Posted on October 9, 2020 by Christine Crosby in COVID-19, Jake, Linda Shapiro, touching

Touching Jake


TOUCHING JAKE

By Linda Shapiro

Some days I feel as if I’m choking.  I swallow, but I can’t get rid of the feeling. I want to be done with these sensations, the fear and sense of loss.

My heart breaks for my grandchildren, their life upended, the isolation they don’t fully comprehend.  Five-year-old Jake and I were swimming in my pool and I wanted to teach him how to take his head out of the water and breathe.  I reached for him.

“I can’t touch you Grams,” he shouted.  Oh, my God, I thought.  You can’t touch me, and I forgot I can’t touch you. How can Jake at five possibly comprehend that?  I’m not evil or sacred, I’m not sick but he can’t touch me.

 He shouted, “The virus, I can’t touch you.” 

“Yeah,” Jake shouted back at me.  I looked at him. Water dripped down his face and soaked through his cropped brown hair.
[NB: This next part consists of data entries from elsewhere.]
lemma disjoint_intervals_remove:
  fixes F :: "(real \<times> real) set"
  assumes "\<And>i. i \<in> F \<Longrightarrow> fst i < snd i" "pairwise (\<lambda>i j. disjnt {fst i..snd i} {fst j..snd j}) F"
    and "(l, r) \<in> F"
  shows "F - {(l, r)} = {i \<in> F. snd i < l} \<union> {i \<in> F. r < fst i}"
proof (intro equalityI subsetI)
  fix i assume "i \<in> F - {(l, r)}"
  then have "disjnt {fst i..snd i} {l..r}"
    using assms(2,3) unfolding pairwise_def by fastforce
  moreover have "fst i < snd i" "l < r"
    using assms(1) \<open>i \<in> F - {(l, r)}\<close> \<open>(l, r) \<in> F\<close> by force+
  ultimately have "snd i < l \<or> r < fst i"
    by (auto simp: disjnt_def)
  then show "i \<in> {i \<in> F. snd i < l} \<union> {i \<in> F. r < fst i}"
    using \<open>i \<in> F - {(l, r)}\<close> by auto
qed (use assms(1,3) in force)

lemma norm_increment_le_flat_intervals:
  fixes g :: "real \<Rightarrow> 'b::real_normed_vector" and F :: "(real \<times> real) set"
  assumes Lip: "\<And>s t. s \<le> t \<Longrightarrow> norm (g t - g s) \<le> M * (t - s)"
    and flat: "\<And>i. i \<in> F \<Longrightarrow> norm (g (snd i) - g (fst i)) \<le> \<rho> * (snd i - fst i)"
    and "finite F" "a \<le> b"
    and inside: "\<And>i. i \<in> F \<Longrightarrow> fst i < snd i \<and> {fst i..snd i} \<subseteq> {a..b}"
    and disj: "pairwise (\<lambda>i j. disjnt {fst i..snd i} {fst j..snd j}) F"
  shows "norm (g b - g a) \<le> M * (b - a) - (M - \<rho>) * (\<Sum>i\<in>F. snd i - fst i)"
  using \<open>finite F\<close> \<open>a \<le> b\<close> inside disj flat
proof (induction F arbitrary: a b rule: finite_psubset_induct)
  case (psubset F)
  show ?case
  proof (cases "F = {}")
    case True
    then show ?thesis using Lip[OF psubset.prems(1)] by simp
  next
    case False
    then obtain l r where i0: "(l, r) \<in> F" by auto
    have lr: "l < r" "a \<le> l" "r \<le> b"
      using psubset.prems(2)[OF i0] by auto
    define FL where "FL = {i \<in> F. snd i < l}"
    define FR where "FR = {i \<in> F. r < fst i}"
    have rest: "F - {(l, r)} = FL \<union> FR"
      unfolding FL_def FR_def using psubset.prems(2,3) i0 by (intro disjoint_intervals_remove) auto
    have FL_sub: "FL \<subset> F" and FR_sub: "FR \<subset> F"
      using rest i0 by blast+
    have left: "norm (g l - g a) \<le> M * (l - a) - (M - \<rho>) * (\<Sum>i\<in>FL. snd i - fst i)"
    proof (rule psubset.IH[OF FL_sub lr(2)])
      fix i assume "i \<in> FL"
      then show "fst i < snd i \<and> {fst i..snd i} \<subseteq> {a..l}"
        using psubset.prems(2) by (fastforce simp: FL_def)
    qed (use psubset.prems FL_sub in \<open>auto intro: pairwise_subset\<close>)
    have right: "norm (g b - g r) \<le> M * (b - r) - (M - \<rho>) * (\<Sum>i\<in>FR. snd i - fst i)"
    proof (rule psubset.IH[OF FR_sub lr(3)])
      fix i assume "i \<in> FR"
      then show "fst i < snd i \<and> {fst i..snd i} \<subseteq> {r..b}"
        using psubset.prems(2) by (fastforce simp: FR_def)
    qed (use psubset.prems FR_sub in \<open>auto intro: pairwise_subset\<close>)
    have middle: "norm (g r - g l) \<le> \<rho> * (r - l)"
      using psubset.prems(4)[OF i0] by simp
    have "FL \<inter> FR = {}" "finite FL" "finite FR"
      using lr psubset.prems(2) psubset.hyps FL_sub FR_sub by (fastforce simp: FL_def FR_def)+
    then have sum_F: "(\<Sum>i\<in>F. snd i - fst i) = (r - l) + (\<Sum>i\<in>FL. snd i - fst i) + (\<Sum>i\<in>FR. snd i - fst i)"
      using psubset.hyps i0 by (simp add: sum.remove[of F "(l, r)"] rest sum.union_disjoint)
    show ?thesis
      using left right middle norm_diff_le_three_steps[of g b a l r] unfolding sum_F
      by (simp add: algebra_simps)
  qed
qed

lemma sum_lengths_flat_within_steep:
  fixes g :: "real \<Rightarrow> 'b::real_normed_vector" and F :: "(real \<times> real) set"
  assumes Lip: "\<And>s t. s \<le> t \<Longrightarrow> norm (g t - g s) \<le> M * (t - s)" and "\<rho> < M"
    and flat: "\<And>i. i \<in> F \<Longrightarrow> norm (g (snd i) - g (fst i)) \<le> \<rho> * (snd i - fst i)"
    and "finite F" "a \<le> b"
    and inside: "\<And>i. i \<in> F \<Longrightarrow> fst i < snd i \<and> {fst i..snd i} \<subseteq> {a..b}"
    and disj: "pairwise (\<lambda>i j. disjnt {fst i..snd i} {fst j..snd j}) F"
    and steep: "\<sigma> * (b - a) \<le> norm (g b - g a)"
  shows "(\<Sum>i\<in>F. snd i - fst i) \<le> (M - \<sigma>) / (M - \<rho>) * (b - a)"
proof -
  have "norm (g b - g a) \<le> M * (b - a) - (M - \<rho>) * (\<Sum>i\<in>F. snd i - fst i)"
    using norm_increment_le_flat_intervals[OF Lip flat \<open>finite F\<close> \<open>a \<le> b\<close> inside disj] by blast
  then have "(M - \<rho>) * (\<Sum>i\<in>F. snd i - fst i) \<le> (M - \<sigma>) * (b - a)"
    using steep by (simp add: algebra_simps)
  then show ?thesis
    using \<open>\<rho> < M\<close> by (simp add: pos_le_divide_eq mult.commute mult.left_commute)
qed

lemma measure_disjoint_intervals:
  fixes C :: "(real \<times> real) set"
  assumes "finite C" "\<And>i. i \<in> C \<Longrightarrow> fst i \<le> snd i"
    and disj: "pairwise (\<lambda>i j. disjnt {fst i..snd i} {fst j..snd j}) C"
  shows "measure lebesgue (\<Union>i\<in>C. {fst i..snd i}) = (\<Sum>i\<in>C. snd i - fst i)"
proof -
  have "pairwise (\<lambda>i j. negligible ({fst i..snd i} \<inter> {fst j..snd j})) C"
    using disj by (rule pairwise_mono) (auto simp: disjnt_def)
  then have "measure lebesgue (\<Union>i\<in>C. {fst i..snd i}) = (\<Sum>i\<in>C. measure lebesgue {fst i..snd i})"
    by (intro measure_negligible_finite_Union_image) (use \<open>finite C\<close> in auto)
  also have "\<dots> = (\<Sum>i\<in>C. snd i - fst i)"
    using assms(2) by (intro sum.cong) auto
  finally show ?thesis .
qed

lemma measure_flat_intervals_within_steep:
  fixes g :: "real \<Rightarrow> 'b::real_normed_vector" and C1 C2 :: "(real \<times> real) set"
  assumes Lip: "\<And>s t. s \<le> t \<Longrightarrow> norm (g t - g s) \<le> M * (t - s)"
    and "\<rho> < M" "\<sigma> \<le> M"
    and steep: "\<And>j. j \<in> C1 \<Longrightarrow>
      fst j < snd j \<and> {fst j..snd j} \<subseteq> U \<and> \<sigma> * (snd j - fst j) \<le> norm (g (snd j) - g (fst j))"
    and disj1: "pairwise (\<lambda>i j. disjnt {fst i..snd i} {fst j..snd j}) C1"
    and flat: "\<And>i. i \<in> C2 \<Longrightarrow> fst i < snd i \<and> norm (g (snd i) - g (fst i)) \<le> \<rho> * (snd i - fst i)"
    and nested: "\<And>i. i \<in> C2 \<Longrightarrow> \<exists>j\<in>C1. {fst i..snd i} \<subseteq> {fst j..snd j}"
    and disj2: "pairwise (\<lambda>i j. disjnt {fst i..snd i} {fst j..snd j}) C2"
    and "countable C2" "U \<in> lmeasurable"
  shows "(\<Union>i\<in>C2. {fst i..snd i}) \<in> lmeasurable \<and>
    measure lebesgue (\<Union>i\<in>C2. {fst i..snd i}) \<le> (M - \<sigma>) / (M - \<rho>) * measure lebesgue U"
proof -
  define \<theta> where "\<theta> = (M - \<sigma>) / (M - \<rho>)"
  have "0 \<le> \<theta>"
    using \<open>\<rho> < M\<close> \<open>\<sigma> \<le> M\<close> by (simp add: \<theta>_def)
  have finite_bound: "measure lebesgue (\<Union>i\<in>G. {fst i..snd i}) \<le> \<theta> * measure lebesgue U"
    if G: "G \<subseteq> C2" "finite G" for G
  proof -
    obtain J where J: "\<And>i. i \<in> G \<Longrightarrow> J i \<in> C1 \<and> {fst i..snd i} \<subseteq> {fst (J i)..snd (J i)}"
      using bchoice[of G "\<lambda>i j. j \<in> C1 \<and> {fst i..snd i} \<subseteq> {fst j..snd j}"] nested G(1) by blast
    have JG: "J ` G \<subseteq> C1"
      using J by blast
    have "measure lebesgue (\<Union>i\<in>G. {fst i..snd i}) \<le> (\<Sum>i\<in>G. measure lebesgue {fst i..snd i})"
      using G(2) by (intro measure_UNION_le) auto
    also have "\<dots> = (\<Sum>i\<in>G. snd i - fst i)"
      using G flat by (intro sum.cong) (auto dest!: subsetD less_imp_le)
    also have "\<dots> = (\<Sum>j\<in>J ` G. \<Sum>i\<in>{i\<in>G. J i = j}. snd i - fst i)"
      using G(2) by (rule sum.image_gen)
    also have "\<dots> \<le> (\<Sum>j\<in>J ` G. \<theta> * (snd j - fst j))"
    proof (intro sum_mono)
      fix j assume "j \<in> J ` G"
      then have "j \<in> C1"
        using JG by blast
      show "(\<Sum>i\<in>{i\<in>G. J i = j}. snd i - fst i) \<le> \<theta> * (snd j - fst j)"
        unfolding \<theta>_def
      proof (rule sum_lengths_flat_within_steep[OF Lip \<open>\<rho> < M\<close>])
        fix i assume "i \<in> {i\<in>G. J i = j}"
        then show "norm (g (snd i) - g (fst i)) \<le> \<rho> * (snd i - fst i)"
          using flat G(1) by blast
      next
        fix i assume "i \<in> {i\<in>G. J i = j}"
        then show "fst i < snd i \<and> {fst i..snd i} \<subseteq> {fst j..snd j}"
          using flat J G(1) by blast
      next
        show "pairwise (\<lambda>i j. disjnt {fst i..snd i} {fst j..snd j}) {i\<in>G. J i = j}"
          by (rule pairwise_subset[OF disj2]) (use G(1) in blast)
      qed (use G(2) steep[OF \<open>j \<in> C1\<close>] in auto)
    qed
    also have "\<dots> = \<theta> * measure lebesgue (\<Union>j\<in>J ` G. {fst j..snd j})"
      using G(2) JG steep pairwise_subset[OF disj1 JG]
      by (subst measure_disjoint_intervals) (auto simp: sum_distrib_left less_imp_le)
    also have "\<dots> \<le> \<theta> * measure lebesgue U"
    proof (intro mult_left_mono measure_mono_fmeasurable)
      show "(\<Union>j\<in>J ` G. {fst j..snd j}) \<subseteq> U"
        using JG steep by blast
    qed (use G(2) \<open>0 \<le> \<theta>\<close> \<open>U \<in> lmeasurable\<close> in auto)
    finally show ?thesis .
  qed
  show ?thesis
    unfolding \<theta>_def[symmetric]
    using fmeasurable_UN_bound[OF \<open>countable C2\<close> _ finite_bound]
      measure_UN_bound[OF \<open>countable C2\<close> _ finite_bound] by auto
qed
His skin was tanned from the summer sun.

He shouted, “The virus, I can’t touch you.”  Brittany, my grand-daughter, had told him, granny’s and gramps, strangers too, anyone we don’t live with, anyone old.  We can’t touch them.

I’m afraid to touch too.  I wear a mask and gloves in the market. If someone comes close, I turn away. I’m careful what I touch when ungloved.  I wonder what can we touch in this new isolated world, where can we safely go?  People are filling the streets again.  I’m going to small stores for bananas, or almond milk, my necessities. I want to pick my own apples, cherries, see people, have a destination. Yet, I hate when someone touches my credit card, already ruined from sanitizing.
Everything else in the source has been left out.